The Swedish government has signaled its intent to increase Sweden's attractiveness as a place in which to invest by pledging to scrap the wealth tax in the upcoming budget, due to be announced on April 16.
The centre-right four-party coalition made the pledge in an announcement published in a newspaper, arguing that Sweden remains only one of four countries in the OECD that levies a wealth tax. The government has also blamed the tax for contributing to high levels of capital flight and low levels of investment and entrepreneurship.
"The big winners are, in the long term, all Swedes, because we need to have the conditions for jobs and companies necessary to match global competition," Finance Minister Anders Borg was quoted as saying by AFX News.
"One issue is that little money stays in the country. There has been a big discussion in recent years about how globalization makes capital more and more non-national and harder to keep within national boundaries," he went on to observe.
Currently, Sweden's wealth tax is charged at 1.5% on savings of over SKR1.5 million (US$214,000) for single people, and at the same rate on savings of more than SKR3 million for couples. In 2005, the tax raised around SKR4.5 billion in revenues from a mere 2.5% of all taxpayers, and it is argued by proponents of axing the wealth tax that the move would have a negligible impact on the public budget. Revenues lost to the government are to be partly financed through cutting tax breaks on private pension savings.
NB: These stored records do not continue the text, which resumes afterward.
text \<open>By optimality of both maximisers, the increment of x |-> F x (ys x) lies between the increments
  of F(., ys x0) and F(., ys (x0 + h)). The maximiser moves only by O(sqrt |h|), so replacing
  DF x0 (ys (x0 + h)) by DF x0 (ys x0) costs O(|h|^(3/2)) = o(|h|).\<close>

theorem danskin_has_derivative:
  fixes F :: "'a::real_normed_vector \<Rightarrow> 'b::real_normed_vector \<Rightarrow> real"
    and DF :: "'a \<Rightarrow> 'b \<Rightarrow> 'a \<Rightarrow>\<^sub>L real"
  assumes der: "\<And>x y. y \<in> Y \<Longrightarrow> ((\<lambda>u. F u y) has_derivative DF x y) (at x)"
    and DF_lip_x: "\<And>x x' y. y \<in> Y \<Longrightarrow> norm (DF x y - DF x' y) \<le> c * norm (x - x')"
    and DF_lip_y: "\<And>x y y'. y \<in> Y \<Longrightarrow> y' \<in> Y \<Longrightarrow> norm (DF x y - DF x y') \<le> a * norm (y - y')"
    and F_lip_x: "\<And>x x' y. y \<in> Y \<Longrightarrow> \<bar>F x y - F x' y\<bar> \<le> b * norm (x - x')"
    and ysY: "\<And>x. ys x \<in> Y"
    and grow: "\<And>x y. y \<in> Y \<Longrightarrow> F x y + m * (norm (y - ys x))\<^sup>2 \<le> F x (ys x)"
    and "m > 0" "c \<ge> 0" "a \<ge> 0"
  shows "((\<lambda>x. F x (ys x)) has_derivative DF x0 (ys x0)) (at x0)"
proof (rule has_derivative_at_remainderI)
  let ?r = "\<lambda>h::'a. c * norm h + a * sqrt (b / m * norm h)"
  show "(?r \<longlongrightarrow> 0) (at 0)"
  proof -
    have "(?r \<longlongrightarrow> c * norm (0::'a) + a * sqrt (b / m * norm (0::'a))) (at (0::'a))"
      by (intro tendsto_intros)
    then show ?thesis
      by simp
  qed
  fix h :: 'a
  let ?y0 = "ys x0" and ?y1 = "ys (x0 + h)"
  have taylor: "\<bar>F (x0 + h) y - F x0 y - DF x0 y h\<bar> \<le> c * (norm h)\<^sup>2" if "y \<in> Y" for y
    using linearization_error_le[of "\<lambda>u. F u y" "\<lambda>x. DF x y"] der DF_lip_x that \<open>c \<ge> 0\<close> by simp
  have "(norm (?y1 - ?y0))\<^sup>2 \<le> b / m * norm h"
    using maximizer_displacement_le[of ys Y F m b "x0 + h" x0, OF ysY grow F_lip_x] \<open>m > 0\<close>
    by (simp add: field_simps)
  then have y_bound: "norm (?y1 - ?y0) \<le> sqrt (b / m * norm h)"
    by (rule real_le_rsqrt)
  have DF_y_bound: "\<bar>DF x0 ?y1 h - DF x0 ?y0 h\<bar> \<le> a * sqrt (b / m * norm h) * norm h"
  proof -
    have "\<bar>DF x0 ?y1 h - DF x0 ?y0 h\<bar> = norm (blinfun_apply (DF x0 ?y1 - DF x0 ?y0) h)"
      by (simp add: blinfun.diff_left)
    also have "\<dots> \<le> norm (DF x0 ?y1 - DF x0 ?y0) * norm h"
      by (rule norm_blinfun)
    also have "\<dots> \<le> a * norm (?y1 - ?y0) * norm h"
      by (rule mult_right_mono[OF DF_lip_y[OF ysY ysY]]) simp
    also have "\<dots> \<le> a * sqrt (b / m * norm h) * norm h"
      using y_bound \<open>a \<ge> 0\<close>
      by (intro mult_right_mono mult_left_mono) auto
    finally show ?thesis .
  qed
  have nonneg: "0 \<le> m * (norm z)\<^sup>2" for z :: 'b
    using \<open>m > 0\<close> by simp
  have "F (x0 + h) ?y0 \<le> F (x0 + h) ?y1"
    using grow[OF ysY, of "x0 + h" x0] nonneg[of "?y0 - ?y1"] by linarith
  moreover have "F x0 ?y1 \<le> F x0 ?y0"
    using grow[OF ysY, of x0 "x0 + h"] nonneg[of "?y1 - ?y0"] by linarith
  ultimately have "\<bar>F (x0 + h) ?y1 - F x0 ?y0 - DF x0 ?y0 h\<bar> \<le> c * (norm h)\<^sup>2 + a * sqrt (b / m * norm h) * norm h"
    using taylor[OF ysY, of x0] taylor[OF ysY, of "x0 + h"] DF_y_bound by (simp add: abs_le_iff)
  then show "norm (F (x0 + h) ?y1 - F x0 ?y0 - DF x0 ?y0 h) \<le> ?r h * norm h"
    by (simp add: power2_eq_square algebra_simps)
qed (rule blinfun.bounded_linear_right)

section \<open>Gradients of functions with a bounded linear derivative\<close>

definition riesz_vector :: "('a::euclidean_space \<Rightarrow>\<^sub>L real) \<Rightarrow> 'a" where
  "riesz_vector D = (\<Sum>b\<in>Basis. D b *\<^sub>R b)"

lemma inner_riesz_vector: "riesz_vector D \<bullet> h = blinfun_apply D h"
proof -
  have "blinfun_apply D h = blinfun_apply D (\<Sum>b\<in>Basis. (h \<bullet> b) *\<^sub>R b)"
    by (simp add: euclidean_representation)
  also have "\<dots> = (\<Sum>b\<in>Basis. (h \<bullet> b) * D b)"
    by (simp add: blinfun.sum_right blinfun.scaleR_right)
  also have "\<dots> = riesz_vector D \<bullet> h"
    unfolding riesz_vector_def inner_sum_left by (simp add: inner_commute mult.commute)
  finally show ?thesis
    by simp
qed

lemma grad_eq_riesz_vector:
  assumes "(f has_derivative blinfun_apply D) (at x)"
  shows "grad f x = riesz_vector D"
  unfolding grad_def
proof (rule the_equality)
  show "(f has_derivative (\<lambda>h. riesz_vector D \<bullet> h)) (at x)"
    using assms by (simp add: inner_riesz_vector)
next
  fix g assume "(f has_derivative (\<lambda>h. g \<bullet> h)) (at x)"
  then have "(\<lambda>h. g \<bullet> h) = blinfun_apply D"
    using assms by (rule has_derivative_unique)
  then have "g \<bullet> (g - riesz_vector D) = riesz_vector D \<bullet> (g - riesz_vector D)"
    by (metis inner_riesz_vector)
  then have "(g - riesz_vector D) \<bullet> (g - riesz_vector D) = 0"
    by (simp add: inner_diff_left)
  then show "g = riesz_vector D"
    by simp
qed

lemma norm_riesz_vector_le: "norm (riesz_vector D) \<le> norm D"
proof -
  have "(norm (riesz_vector D))\<^sup>2 = blinfun_apply D (riesz_vector D)"
    by (simp add: power2_norm_eq_inner inner_riesz_vector)
  also have "\<dots> \<le> norm D * norm (riesz_vector D)"
    using norm_blinfun[of D "riesz_vector D"] by simp
  finally show ?thesis
    by (cases "riesz_vector D = 0") (auto simp: power2_eq_square mult_le_cancel_right)
qed

lemma norm_grad_le_norm_grad_plus:
  fixes f g :: "'a::euclidean_space \<Rightarrow> real"
  assumes "(f has_derivative blinfun_apply D) (at x)" and "(g has_derivative blinfun_apply D') (at x)"
  shows "norm (grad f x) \<le> norm (grad g x) + norm (D - D')"
proof -
  have "riesz_vector D - riesz_vector D' = riesz_vector (D - D')"
    by (simp add: riesz_vector_def blinfun.diff_left scaleR_diff_left sum_subtractf)
  then have "norm (riesz_vector D) \<le> norm (riesz_vector D') + norm (D - D')"
    using norm_triangle_ineq2[of "riesz_vector D" "riesz_vector D'"] norm_riesz_vector_le[of "D - D'"]
    by simp
  then show ?thesis
    using grad_eq_riesz_vector assms by metis
qed

section \<open>The sample-average surrogate\<close>

definition model_lift_deriv :: "real^'d^'n \<Rightarrow> (real^'n) \<Rightarrow>\<^sub>L ((real^'n) \<times> (real^'m) \<times> (real^'d))" where
  "model_lift_deriv B1 = Blinfun (\<lambda>h. (h, 0, h v* B1))"

lemma model_lift_deriv_apply:
  "blinfun_apply (model_lift_deriv B1 :: (real^'n) \<Rightarrow>\<^sub>L ((real^'n) \<times> (real^'m) \<times> (real^'d))) h = (h, 0, h v* B1)"
proof -
  have "bounded_linear (\<lambda>h::real^'n. (h, 0::real^'m, h v* (B1::real^'d^'n)))"
    using bounded_linear_vector_matrix_mult
    by (intro bounded_linear_Pair bounded_linear_ident bounded_linear_zero)
  then show ?thesis
    unfolding model_lift_deriv_def by (simp add: bounded_linear_Blinfun_apply)
qed

lemma has_derivative_model_lift:
  "((\<lambda>u. (u, y, model B1 B0 u e)) has_derivative blinfun_apply (model_lift_deriv B1)) (at x)"
proof -
  have "((\<lambda>u. (u, y, u v* B1 + B0 + e)) has_derivative (\<lambda>h. (h, 0, h v* B1 + 0 + 0))) (at x)"
    by (intro has_derivative_Pair has_derivative_ident has_derivative_const has_derivative_add
        bounded_linear.has_derivative[OF bounded_linear_vector_matrix_mult])
  then show ?thesis
    by (simp add: model_def model_lift_deriv_apply[abs_def])
qed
The announcement is the first indication that Prime Minister Fredrik Reinfeldt is serious about tackling the size of Sweden's welfare state and tax burden, both of which are among the world's highest. Prior to his election victory last September, Reinfeldt's coalition talked about cutting income, corporate and property taxes by about SKR60 billion. These cuts would be financed in part by paring down unemployment and sickness benefits. The coalition has also expressed its intention to make the labour force more flexible by allowing companies to hire and fire workers more easily, and by removing certain state benefits which it argues act as a disincentive to work.
The election of Reinfeldt as Prime Minister ended the 12-year reign of former leader Goran Persson, but more significantly, it heralded the first interruption of the centre-left's seven-decade domination of Swedish government.